So what I'm trying to do is have a function that finds a sequence 'ATG' in a string and then from there moves along the string in units of 3 until it finds either a 'TAA', 'TAG', or 'TGA' (ATG-xxx-xxx-TAA|TAG|TGA)
To do this, I wrote this line of code (where fdna
is the input sequence)
ORF_sequences = re.findall(r'ATG(?:...)*?(?:TAA|TAG|TGA)',fdna)
I then wanted to add 3 requirements:
- Total length must be 30
- Two places before the ATG there must be either an A or a G to be detected (A|G-x-x-A-T-G-x-x-x)
- The next place after the ATG would have to be a G (A-T-G-G-x-x)

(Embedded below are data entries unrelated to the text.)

text \<open>\<open>K t h\<close> is the distribution \<open>\<mu>\<^sub>t\<close> that the adversary chooses after the history \<open>h\<close>
  of the first \<open>t\<close> points; \<open>X_law\<close> says that \<open>X t\<close> is drawn from it.\<close>
locale smooth_adversary = prob_space M for M :: "'w measure" +
  fixes \<nu> :: "'a::metric_space measure" and \<epsilon> :: "real \<Rightarrow> real"
    and X :: "nat \<Rightarrow> 'w \<Rightarrow> 'a" and K :: "nat \<Rightarrow> (nat \<Rightarrow> 'a) \<Rightarrow> 'a measure"
  assumes eps_nonneg: "\<And>\<delta>. 0 \<le> \<delta> \<Longrightarrow> 0 \<le> \<epsilon> \<delta>"
    and X_meas: "\<And>t. X t \<in> measurable M borel"
    and K_smooth: "\<And>t h A. h \<in> space (PiM {..<t} (\<lambda>_. borel)) \<Longrightarrow> A \<in> sets borel \<Longrightarrow>
                      measure (K t h) A \<le> \<epsilon> (measure \<nu> A)"
    and X_law: "\<And>t A B. A \<in> sets borel \<Longrightarrow> B \<in> sets (PiM {..<t} (\<lambda>_. borel)) \<Longrightarrow>
                   prob {\<omega> \<in> space M. X t \<omega> \<in> A \<and> history X t \<omega> \<in> B}
                   = (\<integral>\<omega>. indicator B (history X t \<omega>) * measure (K t (history X t \<omega>)) A \<partial>M)"
begin

lemma prob_hit_given_history_le:
  assumes A: "A \<in> sets borel" and B: "B \<in> sets (PiM {..<t} (\<lambda>_. borel))"
  shows "prob {\<omega>\<in>space M. X t \<omega> \<in> A \<and> history X t \<omega> \<in> B}
         \<le> \<epsilon> (measure \<nu> A) * prob {\<omega>\<in>space M. history X t \<omega> \<in> B}"
proof -
  let ?H = "{\<omega>\<in>space M. history X t \<omega> \<in> B}"
  have H: "?H \<in> events"
    using measurable_sets[OF measurable_history[OF X_meas] B] by (simp add: vimage_def Int_def conj_commute)
  have "prob {\<omega>\<in>space M. X t \<omega> \<in> A \<and> history X t \<omega> \<in> B}
      = (\<integral>\<omega>. indicator B (history X t \<omega>) * measure (K t (history X t \<omega>)) A \<partial>M)"
    by (rule X_law[OF A B])
  also have "\<dots> \<le> (\<integral>\<omega>. \<epsilon> (measure \<nu> A) * indicator ?H \<omega> \<partial>M)"
  proof (rule integral_mono')
    show "integrable M (\<lambda>\<omega>. \<epsilon> (measure \<nu> A) * indicator ?H \<omega>)"
      using H by (intro integrable_mult_right integrable_real_indicator) (simp_all add: less_top[symmetric])
    show "indicator B (history X t \<omega>) * measure (K t (history X t \<omega>)) A
          \<le> \<epsilon> (measure \<nu> A) * indicator ?H \<omega>" if "\<omega> \<in> space M" for \<omega>
      using K_smooth[OF measurable_space[OF measurable_history[OF X_meas] that] A] that
      by (simp add: indicator_def)
    show "0 \<le> \<epsilon> (measure \<nu> A) * indicator ?H \<omega>" for \<omega>
      using eps_nonneg[OF measure_nonneg[of \<nu> A]] by simp
  qed
  also have "\<dots> = \<epsilon> (measure \<nu> A) * prob ?H"
    using H by (simp add: Int_absorb2 sets.sets_into_space)
  finally show ?thesis .
qed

To execute this part, I changed my code to:
ORF_sequence_finder = re.findall(r'[AG]..ATGG..(?:...){7,}?(?:TAA|TAG|TGA)',fdna)
What I want instead of having all of these limits would be to have requirement 1 (greater or equal to 30 characters) and then have EITHER requirement 2 (A|G-x-x-A-T-G-x-x-x) OR requirement 3 (A-T-G-G-x-x) OR both of those.
If I split the above line up into two and appended them to a list, they get out of order and have repeats.
Here are a few examples of the different cases:
sequence1 = 'AGCCATGTGGGGGGGGGGGGGGGGGGGGGGGGGGGGGTGAAAA'
sequence2 = 'ATCCATGGGGGGGGGGGGGGGGGGGGGGGGGGGGGGGGGGTAG'
sequence3 = 'AGCCATGGGGGGGGGGGGGGGGGGGGGGGGGGGGGGGGGGTAG'
sequence4 = 'ATGGGGTGA'
sequence1 = 'A**G**CC*ATG*TGGGGGGGGGGGGGGGGGGGGGGGGGGGGG*TGA*AAA'
sequence1
would be accepted by criteria because it follows requirement 2 (A|G-x-x-A-T-G-x-x-x) and its length is >= 30.
sequence2 = 'ATCC*ATG***G**GGGGGGGGGGGGGGGGGGGGGGGGGGGGGGGG*TAG*
sequence2
would be accepted because it follows requirement 3 (A-T-G-G-x-x) and its length is >=30
sequence3 = 'A**G**CC*ATG***G**GGGGGGGGGGGGGGGGGGGGGGGGGGGGG*TGA*AAA'
sequence3
would be accepted because it fulfills both requirement 2 and 3 while also having >=30 character.
sequence4 = 'ATGGGGTGA'
sequence4
would NOT be accepted because its not >= 30, does not follow requirement 2 or requirement 3.
So basically, I want it to accept sequences that either follow requirement 2 AND/OR requirement 3 (or both) while satisfying requirement 1.
How can I split this up without then adding duplicates (in cases where both occur) and getting out of order?